El animal se retorcía y gruñía bajo mí, dando coces con tanta fuerza que casi me lanza al bosque. Pero me aferré con fuerza, negándome a soltarlo; tenía que mantenerlo distraído el tiempo suficiente para que llegara más ayuda.
Mientras el lobo forcejeaba debajo de mí, rebusqué en mi bota, buscando a tientas el pequeño cuchillo que siempre llevaba conmigo. Lo saqué rápidamente y lo clavé con todas mis fuerzas en la nuca del lobo una y otra vez, perforando la piel curtida, haciendo una mueca de dolor al ver cómo la sangre salpicaba mi vestido, mi cara y mi cabello.
Finalmente, el bribón dejó escapar un gemido y comenzó a vacilar, aunque solo fuera un poco.
Dos lobos —uno blanco, el otro castaño oscuro— llegaron corriendo. Liam y Alexander. Al verme forcejear, se abalanzaron sobre mí, inmovilizando al lobo solitario contra el suelo mientras yo saltaba para escapar.

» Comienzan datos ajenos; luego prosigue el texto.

lemma commutator_subgroup_map:
  assumes "abelian H"
  shows "n \<in> commutator_subgroup G x \<Longrightarrow> x \<in> obj G \<Longrightarrow> Phi n = ide H (phi x)"
proof (induction rule: commutator_subgroup.induct)
  case unit
  then show ?case by (rule ide_map)
next
  case (commutator g h)
  then have gh: "g \<in> arr G" "h \<in> arr G" "src G g = x" "tgt G g = x" "src G h = x" "tgt G h = x"
    by (auto simp: isotropy_def)
  have "Phi g \<in> isotropy H (phi x)" "Phi h \<in> isotropy H (phi x)" "phi x \<in> obj H"
    using gh by (auto simp: isotropy_def)
  then have ab: "comp H (Phi g) (Phi h) = comp H (Phi h) (Phi g)"
    using assms unfolding abelian_def by blast
  have "Phi (comp G (comp G g h) (comp G (inv G g) (inv G h))) =
     comp H (comp H (Phi g) (Phi h)) (comp H (inv H (Phi g)) (inv H (Phi h)))"
    using gh by (simp add: comp_map inv_map)
  also have "\<dots> = comp H (comp H (Phi h) (Phi g)) (comp H (inv H (Phi g)) (inv H (Phi h)))"
    by (simp only: ab)
  also have "\<dots> = ide H (phi x)" using gh by simp
  finally show ?case .
next
  case (mult a b)
  then show ?case using G.commutator_subgroupD by (simp add: comp_map)
next
  case (inverse a)
  then show ?case using G.commutator_subgroupD by (simp add: inv_map)
qed

lemma comm_rel_map:
  assumes "abelian H" and r: "(g, g') \<in> comm_rel G"
  shows "Phi g' = Phi g"
proof -
  let ?n = "comp G g' (inv G g)"
  note g = G.comm_relD[OF r]
  then have n: "?n \<in> arr G" "src G ?n = tgt G g" "tgt G ?n = tgt G g"
    using G.commutator_subgroupD[of ?n "tgt G g"] by simp_all
  have "Phi g' = Phi (comp G ?n g)" using g by simp
  also have "\<dots> = comp H (Phi ?n) (Phi g)" by (rule comp_map) (use g n in simp_all)
  also have "Phi ?n = ide H (phi (tgt G g))"
    by (rule commutator_subgroup_map[OF assms(1)]) (use g in auto)
  also have "comp H (ide H (phi (tgt G g))) (Phi g) = Phi g" using g by simp
  finally show ?thesis .
qed

end

lemma restrict_gpd_simps[simp]:
  "arr (restrict_gpd G U) = {g \<in> arr G. src G g \<in> U \<and> tgt G g \<in> U}"
  "obj (restrict_gpd G U) = U" "src (restrict_gpd G U) = src G" "tgt (restrict_gpd G U) = tgt G"
  "comp (restrict_gpd G U) = comp G" "inv (restrict_gpd G U) = inv G" "ide (restrict_gpd G U) = ide G"
  "darr (restrict_gpd G U) = subset_diffeo (darr G) {g \<in> arr G. src G g \<in> U \<and> tgt G g \<in> U}"
  "dobj (restrict_gpd G U) = subset_diffeo (dobj G) U"
  unfolding restrict_gpd_def by simp_all

lemma groupoid_restrict_gpd:
  assumes "groupoid G" "U \<subseteq> obj G"
  shows "groupoid (restrict_gpd G U)"
proof -
  interpret gpd G by (rule gpd.intro) fact
  show ?thesis using assms(2) unfolding groupoid_def composable_def by auto
qed

lemma commutator_subgroup_restrict_gpd:
  "n \<in> commutator_subgroup G x \<Longrightarrow> x \<in> U \<Longrightarrow> n \<in> commutator_subgroup (restrict_gpd G U) x"
proof (induction rule: commutator_subgroup.induct)
  case unit
  then show ?case using commutator_subgroup.unit[of "restrict_gpd G U" x] by simp
next
  case (commutator g h)
  then show ?case
    using commutator_subgroup.commutator[of g "restrict_gpd G U" x h] by (simp add: isotropy_def)
next
  case (mult a b)
  then show ?case using commutator_subgroup.mult[of a "restrict_gpd G U" x b] by simp
next
  case (inverse a)
  then show ?case using commutator_subgroup.inverse[of a "restrict_gpd G U" x] by simp
qed

lemma gpd_hom_if_smooth_morphism:
  "groupoid G \<Longrightarrow> groupoid H \<Longrightarrow> smooth_morphism G H Phi phi \<Longrightarrow> gpd_hom G H Phi phi"
  unfolding smooth_morphism_def smooth_between_def composable_def
  by (simp add: gpd_hom_def gpd_hom_axioms_def gpd_def)

section \<open>The quotient is a diffeological groupoid\<close>

locale diffeo_gpd = gpd G for G :: "('g, 'm) dgpd" +
  assumes diffeological_groupoid: "diffeological_groupoid G"
begin

lemma diffeology_arr: "diffeology (arr G) (darr G)"
  and diffeology_obj: "diffeology (obj G) (dobj G)"
  and dsmooth_src: "dsmooth (darr G) (dobj G) (src G)"
  and dsmooth_tgt: "dsmooth (darr G) (dobj G) (tgt G)"
  and dsmooth_ide: "dsmooth (dobj G) (darr G) (ide G)"
  and dsmooth_inv: "dsmooth (darr G) (darr G) (inv G)"
  and dsmooth_comp:
    "dsmooth (subset_diffeo (prod_diffeo (darr G) (darr G)) (composable G)) (darr G) (\<lambda>(g, h). comp G g h)"
  using diffeological_groupoid unfolding diffeological_groupoid_def smooth_between_def by blast+

lemma diffeology_abel_quot_arr: "diffeology (arr (abel_quot G)) (darr (abel_quot G))"
  by (simp add: diffeology_quot_diffeo[OF diffeology_arr])

lemma plot_abel_map: "darr G n U Q \<Longrightarrow> darr (abel_quot G) n U (abel_map G \<circ> Q)"
  unfolding abel_quot_simps
  by (rule quot_diffeo_of_plot[OF diffeology_arr]) (auto simp: image_subset_iff)

lemma dsmooth_abel_map: "dsmooth (darr G) (darr (abel_quot G)) (abel_map G)"
  unfolding dsmooth_def using plot_abel_map by blast

lemma smooth_between_src_abel_quot:
  "smooth_between (arr (abel_quot G)) (darr (abel_quot G)) (obj (abel_quot G)) (dobj (abel_quot G))
     (src (abel_quot G))"
  unfolding abel_quot_simps
  by (rule smooth_between_quot_diffeo[OF diffeology_arr diffeology_obj quotient_eq_image_abel_map _
        dsmooth_src]) (auto elim!: quotientE_abel_map)

lemma smooth_between_tgt_abel_quot:
  "smooth_between (arr (abel_quot G)) (darr (abel_quot G)) (obj (abel_quot G)) (dobj (abel_quot G))
     (tgt (abel_quot G))"
  unfolding abel_quot_simps
  by (rule smooth_between_quot_diffeo[OF diffeology_arr diffeology_obj quotient_eq_image_abel_map _
        dsmooth_tgt]) (auto elim!: quotientE_abel_map)

lemma smooth_between_inv_abel_quot:
  "smooth_between (arr (abel_quot G)) (darr (abel_quot G)) (arr (abel_quot G)) (darr (abel_quot G))
     (inv (abel_quot G))"
proof -
  note Z = diffeology_abel_quot_arr[unfolded abel_quot_simps]
  note g = dsmooth_compose[OF dsmooth_inv dsmooth_abel_map, unfolded abel_quot_simps]
  show ?thesis unfolding abel_quot_simps
    by (rule smooth_between_quot_diffeo[OF diffeology_arr Z quotient_eq_image_abel_map _ g])
      (auto elim!: quotientE_abel_map)
qed

lemma smooth_between_ide_abel_quot:
  "smooth_between (obj (abel_quot G)) (dobj (abel_quot G)) (arr (abel_quot G)) (darr (abel_quot G))
     (ide (abel_quot G))"
proof -
  have "ide (abel_quot G) = abel_map G \<circ> ide G" by (simp add: fun_eq_iff)
  then show ?thesis
    using dsmooth_compose[OF dsmooth_ide dsmooth_abel_map] by (simp add: smooth_between_def)
qed

lemma smooth_between_comp_abel_quot:
  "smooth_between (composable (abel_quot G))
     (subset_diffeo (prod_diffeo (darr (abel_quot G)) (darr (abel_quot G))) (composable (abel_quot G)))
     (arr (abel_quot G)) (darr (abel_quot G)) (\<lambda>(c, d). comp (abel_quot G) c d)"
proof -
  let ?A = "abel_quot G" and ?Y = "arr G // comm_rel G"
  let ?m = "\<lambda>(c, d). comp ?A c d"
  have comp_arr: "?m p \<in> arr ?A" if "p \<in> composable ?A" for p
    using that unfolding composable_def by (auto elim!: quotientE_abel_map)
  have "darr ?A n U (?m \<circ> P)"
    if P: "subset_diffeo (prod_diffeo (darr ?A) (darr ?A)) (composable ?A) n U P" for n U P
  proof (rule plot_local[OF diffeology_abel_quot_arr])
    have P1: "quot_diffeo (darr G) ?Y (abel_map G) n U (fst \<circ> P)"
      and P2: "quot_diffeo (darr G) ?Y (abel_map G) n U (snd \<circ> P)"
      and PC: "P ` U \<subseteq> composable ?A"
      using P by (simp_all add: subset_diffeo_def prod_diffeo_def)
    show "open_euc n U" using quot_diffeoD(1)[OF P1] .
    show "(?m \<circ> P) ` U \<subseteq> arr ?A" using PC comp_arr unfolding image_subset_iff comp_apply by blast
    fix u assume "u \<in> U"
    with diffeology_arr quotient_eq_image_abel_map[THEN equalityD1] P1 P2
    obtain V Q1 Q2 where V: "u \<in> V" "V \<subseteq> U" "open_euc n V" "darr G n V Q1" "darr G n V Q2"
      and Q: "\<And>v. v \<in> V \<Longrightarrow> fst (P v) = abel_map G (Q1 v) \<and> snd (P v) = abel_map G (Q2 v)"
      by (rule quot_diffeo_lift_local2) auto
    have arrs: "Q1 v \<in> arr G" "Q2 v \<in> arr G" if "v \<in> V" for v
      using plot_image[OF diffeology_arr V(4) that] plot_image[OF diffeology_arr V(5) that] .
    have composable: "src G (Q1 v) = tgt G (Q2 v)" if "v \<in> V" for v
    proof -
      have "P v \<in> composable ?A" using PC V(1,2) that by auto
      then show ?thesis using Q[OF that] arrs[OF that] by (cases "P v") (simp add: composable_def)
    qed
    have "subset_diffeo (prod_diffeo (darr G) (darr G)) (composable G) n V (\<lambda>v. (Q1 v, Q2 v))"
      unfolding subset_diffeo_def prod_diffeo_def composable_def
      using V(4,5) arrs composable by (simp add: o_def image_subset_iff)
    with dsmooth_comp have "darr G n V ((\<lambda>(g, h). comp G g h) \<circ> (\<lambda>v. (Q1 v, Q2 v)))"
      by (rule dsmoothD)
    then have "darr G n V (\<lambda>v. comp G (Q1 v) (Q2 v))" by (simp add: o_def)
    then have "darr ?A n V (abel_map G \<circ> (\<lambda>v. comp G (Q1 v) (Q2 v)))" by (rule plot_abel_map)
    then have "darr ?A n V (?m \<circ> P)"
    proof (rule plot_cong[OF diffeology_abel_quot_arr])
      fix v assume "v \<in> V"
      then show "(abel_map G \<circ> (\<lambda>v. comp G (Q1 v) (Q2 v))) v = (?m \<circ> P) v"
        using Q arrs composable by (simp add: case_prod_beta)
    qed
    then show "\<exists>V. u \<in> V \<and> V \<subseteq> U \<and> open_euc n V \<and> darr ?A n V (?m \<circ> P)"
      using V(1-3) by (intro exI[of _ V] conjI)
  qed
  then show ?thesis unfolding smooth_between_def dsmooth_def using comp_arr by auto
qed

lemma diffeological_groupoid_abel_quot: "diffeological_groupoid (abel_quot G)"
  unfolding diffeological_groupoid_def
  using groupoid_abel_quot diffeology_abel_quot_arr diffeology_obj
    smooth_between_src_abel_quot smooth_between_tgt_abel_quot smooth_between_ide_abel_quot
    smooth_between_inv_abel_quot smooth_between_comp_abel_quot
  by simp

lemma smooth_morphism_abel_map: "smooth_morphism G (abel_quot G) (abel_map G) id"
  unfolding smooth_morphism_def smooth_between_def composable_def
  using dsmooth_abel_map by (auto simp: dsmooth_def)

end

section \<open>The universal property\<close>

context diffeo_gpd
begin

lemma comm_rel_restrict_gpd:
  assumes r: "(g, g') \<in> comm_rel G" and g: "g \<in> arr (restrict_gpd G U)"
  shows "(g, g') \<in> comm_rel (restrict_gpd G U)"
proof -
  note r = comm_relD[OF r]
  have "comp G g' (inv G g) \<in> commutator_subgroup (restrict_gpd G U) (tgt G g)"
    using r g by (auto intro: commutator_subgroup_restrict_gpd)
  then show ?thesis using r g unfolding comm_rel_def comm_subgroupoid_def by auto
qed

Se oyó un crujido y un último aullido, y entonces todo terminó.
Solté un grito ahogado y retrocedí tambaleándome cuando Alexander y Liam volvieron a su forma humana y corrieron hacia mí.
—Ella —jadeó Liam, llegando primero hasta mí. Me agarró por los hombros y me giró de un lado a otro, revisándome para ver si tenía alguna herida—. ¿Por qué no usaste tu forma de loba? ¡Podrías haber muerto!
—Yo… yo no pensé —mentí, sin aliento. Incluso ahora, en ese momento de euforia, sabía que no podía decirle la verdad sobre mi lobo—. Simplemente actué.
Antes de que Liam pudiera responder, oímos gritos que venían de la hoguera. Queriendo asegurarme de que nadie hubiera resultado herido, corrí tras Alexander, que venía corriendo.
Al acercarnos, había un pequeño grupo de personas de pie cerca de la hoguera, formando un círculo alrededor de una persona en el centro.
El círculo se abrió, dejando al descubierto a quien estaba dentro: Sofia. Su falda, quemada por el fuego, aún humeaba; la tela estaba tan destrozada que dejaba al descubierto sus piernas y parte de sus bragas.
Alexander se dio la vuelta rápidamente, con el rostro enrojecido. Por instinto, me quité el chal —que estaba manchado con la sangre del bribón— y se lo arrojé.
El rostro de Sofia se puso roja, pero lo tomó y se lo envolvió alrededor del cuerpo antes de escabullirse.
Se hizo un largo y tenso silencio. Parecía que nadie sabía qué hacer, cómo reaccionar ante lo que acababa de suceder.
Y luego: —¡A Luna Ella!
Kristoff y María alzaron sus copas de vino, y pronto toda la multitud brindaba por mí. Los miré fijamente, sin saber cómo reaccionar ni siquiera cómo respirar.
De repente, Alexander apareció a mi lado. Me rodeó con su brazo, pero esta vez había algo más tierno en su gesto, menos posesivo.
Cuando levanté la vista hacia él, sus ojos eran dulces.
—Por Luna Ella —dijo en voz baja, deslizándome una copa de vino en la mano y chocando su propia copa contra la mía.
Me sonrojé bajo su mirada de admiración e intenté calmar mi corazón acelerado con un largo sorbo de mi vino.